Doctors are well aware that differences between strains of the same bacterial species can have consequences at opposite ends of the health-and-disease spectrum. “If you only look at a species-level annotation, you may end up missing the fact that there are virulence genes in some E. coli strains,” says Ramnik Xavier of Massachusetts General Hospital, the Broad Institute and Harvard University. Identifying strains, along with the genetic potential of their genomes, has become a key goal for computational biologists, but the challenges are compounded by enormous data sets, missing reference sequences and rare species.

At the Broad Institute, Dirk Gevers, Xavier and their colleagues began thinking about the problem when they analyzed the first Human Microbiome Project shotgun data. “We detected a person-specific profile at the subspecies level but could not deconvolute it back then,” says Gevers, now at the Janssen Human Microbiome Institute. It took postdoc Chengwei Luo to ultimately drive development of their ConStrains strain-detection software.

In principle, unique patterns of single-nucleotide polymorphisms (SNPs) can identify strains, but SNP-based approaches rely on reference sequences or are limited to the SNPs that appear in a short sequence read. In the ConStrains approach, reads are recruited using universal core genes present in all species with tenfold sequence coverage. The software then uses a reference-independent strategy to cluster and concatenate the SNPs into strain-specific fingerprints. ConStrains brings quantitative metagenomics to the strain rather than the species level, without the need for additional types of data (Luo et al., 2015).

Microbes from the wild are now being studied at the strain level. Credit: Alamy Stock Photo

Because fingerprints are identified from single samples, entire cohorts need not be analyzed at once, which eases computation. Gevers and Xavier say that ConStrains shines when it comes to longitudinal studies. The researchers used it to track strains in large published data sets, including five strains of Bifidobacterium longum in infant guts associated with distinct functions that were missed in species-level analyses.

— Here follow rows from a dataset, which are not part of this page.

(* Let $A=(a_1,\dots,a_k)$ be a telescopic sequence of positive integers which is minimal, i.e. no $a_i$ is an $\mathbb{N}_0$-linear combination of the other $a_j$. If $\gcd(a_i,a_j)=1$ for some $i<j$, then $j=k$.
   Context: For a sequence $A=(a_1,\dots,a_k)$ of non-negative integers, let $d_i=\gcd(a_1,\dots,a_i)$ and $S_i=\langle a_1,\dots,a_i\rangle$ (the set of $\mathbb{N}_0$-linear combinations of $a_1,\dots,a_i$) for $i\in\{1,\dots,k\}$, and let $c_j=d_{j-1}/d_j$ for $j\in\{2,\dots,k\}$. The sequence $A$ is telescopic if $c_ja_j\in S_{j-1}$ for all $j\in\{2,\dots,k\}$. *)

theory Defs
  imports Main
begin

text \<open>Sequences A = (a_1,...,a_k) are represented by a function a :: nat => nat
  together with the length k; only the values a 1, ..., a k matter.\<close>

definition seq_gcd :: "(nat \<Rightarrow> nat) \<Rightarrow> nat \<Rightarrow> nat" where
  "seq_gcd a i = Gcd (a ` {1..i})"

definition seq_semigroup :: "(nat \<Rightarrow> nat) \<Rightarrow> nat \<Rightarrow> nat set" where
  "seq_semigroup a i = {(\<Sum>l\<in>{1..i}. c l * a l) | c. True}"

definition seq_c :: "(nat \<Rightarrow> nat) \<Rightarrow> nat \<Rightarrow> nat" where
  "seq_c a j = seq_gcd a (j - 1) div seq_gcd a j"

definition telescopic :: "(nat \<Rightarrow> nat) \<Rightarrow> nat \<Rightarrow> bool" where
  "telescopic a k \<longleftrightarrow> (\<forall>j\<in>{2..k}. seq_c a j * a j \<in> seq_semigroup a (j - 1))"

definition minimal_seq :: "(nat \<Rightarrow> nat) \<Rightarrow> nat \<Rightarrow> bool" where
  "minimal_seq a k \<longleftrightarrow>
     (\<forall>i\<in>{1..k}. \<not> (\<exists>c. a i = (\<Sum>l\<in>{1..k} - {i}. c l * a l)))"

end

theory Submission
  imports Defs
begin

text \<open>Once two coprime entries have occurred, all later prefix gcds are 1, so every later
  index j has c_j = 1 and telescopy puts a_j itself into the semigroup of its predecessors,
  which minimality forbids.\<close>

lemma seq_gcd_dvd_gcd:
  assumes "i \<in> {1..m}" "j \<in> {1..m}"
  shows "seq_gcd a m dvd gcd (a i) (a j)"
  using assms unfolding seq_gcd_def by simp

lemma seq_gcd_eq_1_if_coprime:
  assumes "1 \<le> i" "i \<le> m" "1 \<le> j" "j \<le> m" "gcd (a i) (a j) = 1"
  shows "seq_gcd a m = 1"
  using seq_gcd_dvd_gcd[of i m j a] assms by simp

lemma seq_c_eq_1_if_coprime:
  assumes "1 \<le> i" "i < j" "j < m" "gcd (a i) (a j) = 1"
  shows "seq_c a m = 1"
proof -
  have "seq_gcd a (m - 1) = 1" "seq_gcd a m = 1"
    using assms seq_gcd_eq_1_if_coprime[of i _ j a] by simp_all
  then show ?thesis
    unfolding seq_c_def by simp
qed

lemma telescopic_in_seq_semigroup:
  assumes "telescopic a k" "m \<in> {2..k}" "seq_c a m = 1"
  shows "a m \<in> seq_semigroup a (m - 1)"
  using assms unfolding telescopic_def by force

lemma minimal_seq_not_in_seq_semigroup:
  assumes "minimal_seq a k" "m \<in> {1..k}"
  shows "a m \<notin> seq_semigroup a (m - 1)"
proof
  assume "a m \<in> seq_semigroup a (m - 1)"
  then obtain c where c: "a m = (\<Sum>l\<in>{1..m - 1}. c l * a l)"
    unfolding seq_semigroup_def by auto
  define c' where "c' l = (if l < m then c l else 0)" for l
  have "(\<Sum>l\<in>{1..k} - {m}. c' l * a l) = (\<Sum>l\<in>{1..m - 1}. c' l * a l)"
    using assms(2) by (intro sum.mono_neutral_right) (auto simp: c'_def)
  also have "\<dots> = a m"
    unfolding c by (intro sum.cong) (auto simp: c'_def)
  finally show False
    using assms unfolding minimal_seq_def by metis
qed

theorem mainTheorem11:
  fixes a :: "nat \<Rightarrow> nat" and k i j :: nat
  assumes "\<forall>l\<in>{1..k}. 0 < a l"
    and "telescopic a k"
    and "minimal_seq a k"
    and "1 \<le> i" and "i < j" and "j \<le> k"
    and "gcd (a i) (a j) = 1"
  shows "j = k"
proof (rule ccontr)
  assume "j \<noteq> k"
  with assms(4-6) have "k \<in> {2..k}" "k \<in> {1..k}" "j < k" by auto
  with assms(4,5,7) have "seq_c a k = 1"
    by (intro seq_c_eq_1_if_coprime[of i j k a])
  with assms(2) \<open>k \<in> {2..k}\<close> have "a k \<in> seq_semigroup a (k - 1)"
    by (rule telescopic_in_seq_semigroup)
  with assms(3) \<open>k \<in> {1..k}\<close> show False
    using minimal_seq_not_in_seq_semigroup by blast
qed

end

Nearby at the Massachusetts Institute of Technology, Eric Alm was addressing similar questions with single-cell sequencing when he was pulled back into metagenomic analysis. “It was almost accidental,” he says. A chance e-mail introduced him to Brian Cleary, just off a post-college stint developing algorithms on Wall Street. Cleary was working on an algorithm that searched for words across documents, which Alm realized was similar to finding patterns in sequence reads. “Within a couple of weeks he came back and he had something that was starting to actually work for metagenome assembly,” says Alm.

Reference-free genome assembly combines short reads into longer stretches called contigs—a computationally intensive step when starting from complex microbial mixtures. One way to then assign contigs to species 'bins' is to track their abundance across samples; those that vary in the same way probably belong to the same species.

Cleary's insight was to assign reads to species bins first, then assemble contigs from these much smaller piles of data. His Latent Strain Analysis (LSA) assesses the covariation of short 'k-mer' sequences found in reads, on the basis of a hashing function from his search algorithm that represents all k-mer abundance patterns in a few gigabytes of fixed memory, regardless of data size (Cleary et al., 2015). LSA also speeds up the covariation-detection and assembly steps.

The advantages are manifold. LSA can discriminate highly related strains, and it has worked efficiently on four terabytes of gut microbiome data, whereas other approaches top out at around 100 gigabytes. It also found microbes that are missed by traditional assembly because they contribute few reads to any single sample. “If you could get all those reads put into one box, that box may have 30-fold coverage,” Alm explains. One family they detected made up just one–10-millionth of the gut data.

LSA assembled up to 90% of some genomes, enabling a deeper functional understanding. Very similar regions that cannot be distinguished are often interpreted as separate genomes, however. “That's a neat opportunity for someone to develop a new tool” to put together scattered genomes—something they are working on, says Alm. He estimates that LSA works best with 100 or more gut samples, a study size that is becoming more commonplace.

The researchers will use their tools to understand how strains function in their environments. “We want to do de novo assembly-based strain calling,” and to link strains to function, says Gevers. After census-taking and correlation, “the next step would be...to get to causality,” says Xavier.